Some remarks on gas exchange and treatment are needed at this stage.

Remarks on gas exchange

To fully account for the variability in gas exchange, a simultaneous assessment of ventilation and perfusion should ideally be performed. Unfortunately, the main variable employed clinically to assess gas exchange is the P_aO2/F_IO2 ratio, or oxygen saturation (S_pO2)/F_IO2 ratio – despite their recognised physiological limitations and susceptibility to confounders (e.g. F_IO2, airway pressure, haemodynamics etc.) [33, 34]. At this stage of the disease, the clinical hallmark is the dissociation between hypoxaemia and the triad of CT scan pathoanatomy described above, modest dyspnoea and presence of “flexible lungs”. The absence of dyspnoea, a subjective sensation, beyond an abnormal neuro-vegetative status may be explained by the preserved and near-normal respiratory system compliance, associated with an increased respiratory drive [26]. Indeed, if the respiratory system can generate tidal volumes the brain expects for a given respiratory effort, the compensatory response to the initial hypoxaemia is an increase in the minute ventilation (tidal volume first, then respiratory rate), hypocapnia, and minimal dyspnoea [35, 36]. Hypoxaemia, in severe respiratory failure of the usual aetiologies, commonly originates from a “true” shunt, i.e. the fraction of cardiac output which flows through the lungs without contacting alveolar gases (consolidated lung regions, venous-arterial anastomosis, intracardiac shunt). Hypoxaemia, however, may also occur because of a mismatch between regional ventilation and local perfusion [37]. Both mechanisms are included in Riley's model, and regarded as venous admixture, which includes true shunt and ventilation/perfusion (V′_A/Q′) maldistribution [38]. In COVID-19 the venous admixture ranges from 30% to 70% [39].

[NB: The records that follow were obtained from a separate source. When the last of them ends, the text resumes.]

text \<open>If x and y are confusable under at most t breaks, every fragment of y is a substring
  of x, so y is a concatenation of t + 1 substrings of x (padding with empty ones).  A word of
  length n is therefore confusable with at most (n + 1)^(2(t + 1)) words, and a maximum set of
  pairwise non-confusable words (a Gilbert-Varshamov argument) has at least
  2^n / (n + 1)^(2(t + 1)) elements.  The resulting redundancy 2(t + 1) log (n + 1) = O(t log m)
  is absorbed by the at least 54 t log m bits that code_length adds to m, so even
  log |C| \<ge> m holds.\<close>

definition fragment_list :: "'a list \<Rightarrow> nat set \<Rightarrow> 'a list list" where
  "fragment_list x S =
     (let cs = sorted_list_of_set S
      in map (\<lambda>(a, b). take (b - a) (drop a x)) (zip (0 # cs) (cs @ [length x])))"

lemma fragments_eq_mset_fragment_list: "fragments x S = mset (fragment_list x S)"
  by (simp add: fragments_def fragment_list_def Let_def)

lemma length_fragment_list:
  assumes "finite S"
  shows "length (fragment_list x S) = card S + 1"
  using assms by (simp add: fragment_list_def Let_def)

lemma concat_pieces_between_cuts:
  assumes "sorted cs" "\<forall>c\<in>set cs. a \<le> c \<and> c \<le> length x"
  shows "concat (map (\<lambda>(a, b). take (b - a) (drop a x)) (zip (a # cs) (cs @ [length x])))
           = drop a x"
  using assms
proof (induction cs arbitrary: a)
  case Nil
  then show ?case by simp
next
  case (Cons c cs)
  have "take (c - a) (drop a x) @ drop c x = drop a x"
    using Cons.prems(2)
    by (metis append_take_drop_id drop_drop le_add_diff_inverse2 list.set_intros(1))
  then show ?case using Cons by auto
qed

lemma concat_fragment_list:
  assumes "S \<subseteq> {1..<length x}"
  shows "concat (fragment_list x S) = x"
proof -
  have "finite S" using assms finite_subset by blast
  then have "concat (fragment_list x S) = drop 0 x"
    unfolding fragment_list_def Let_def
    using assms by (intro concat_pieces_between_cuts) auto
  then show ?thesis by simp
qed

definition substrings :: "'a list \<Rightarrow> 'a list set" where
  "substrings x = (\<lambda>(a, k). take k (drop a x)) ` ({..length x} \<times> {..length x})"

lemma take_drop_in_substrings: "take k (drop a x) \<in> substrings x"
proof -
  have "take k (drop a x) = take (min k (length x)) (drop (min a (length x)) x)"
    by (simp add: min_def)
  then show ?thesis unfolding substrings_def by force
qed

What evidence do we have available for addressing the mechanisms of impaired gas exchange at this stage of disease? The modest increase in lung weight and non-aerated tissue fraction, together with a high gas volume, exclude compression-atelectasis and the right-to-left shunt – typical of acute respiratory distress syndrome (ARDS) – as the primary cause of respiratory failure [31]. Extensive intracardiac shunting is also an unlikely explanation and is not in keeping with the natural history of the disease. The remaining possible mechanism, therefore, is a V′_A/Q′ maldistribution. We hypothesised impaired control of lung perfusion and lack of appropriate hypoxic vasoconstriction as a primary mechanism of hypoxaemia [39, 40], as discussed in detail in the models presented by Herrmann et al. [41] and Busana et al. [42], who modelled hypoxaemia in patients with COVID-19 taking into account true shunt as well as V′_A/Q′ maldistribution. Additional factors may account for the observed severe hypoxaemia in absence of true shunt: paradoxical hyperperfusion of poorly ventilated areas [43], hypoperfusion [43] and neo-vascularisation [44] with dysfunctional vessels generated by hypoxic tissue milieu. In summary, several physiological alterations seem to distinguish COVID-19 from other forms of respiratory failure having similar gas exchange impairment and indicate the primary role of altered lung perfusion in the pathogenesis of hypoxaemia.

Remarks on treatment

Treatment should be guided by an understanding of the pathophysiology. The general and understandable reaction during the first COVID-19 wave was to aggressively attempt to reverse hypoxaemia, given the large number of patients involved. Indiscriminate use of oxygen and a complete package of ventilatory support, mask continuous positive airways pressure (CPAP), helmet CPAP, high-flow nasal cannulas (HFNC) and noninvasive ventilation (NIV) were applied [45]. Given the underlying pathophysiology, a critical question is whether hypoxaemia per se justifies this therapeutic response, one based on prior ARDS literature and pathophysiology. Although the P_aO2/F_IO2 ratio is certainly in the range of severe ARDS (P_aO2/F_IO2<100 mmHg, and characterised by bilateral infiltrates and a noncardiac origin), the pathophysiology and early stage clinical pictures are impressively different: the ARDS “baby lung” [46] is substituted in C-ARDS (COVID-19 acute respiratory distress syndrome) by a lung of “adult” size [47]. This difference is further supported by the fact that the patient does not generally manifest problems of ventilation adequacy. A saturation between 85% and 90%, with appropriate haemodynamics, is tolerable during spontaneous breathing. It is difficult within this framework to understand why recommendations and guidelines for the respiratory management of COVID-19 have proposed the adoption of standard ARDS treatment, i.e. simply follow the rules for severe ARDS [48–50]. The differences in the mechanisms and the best treatment approaches remain hotly debated questions.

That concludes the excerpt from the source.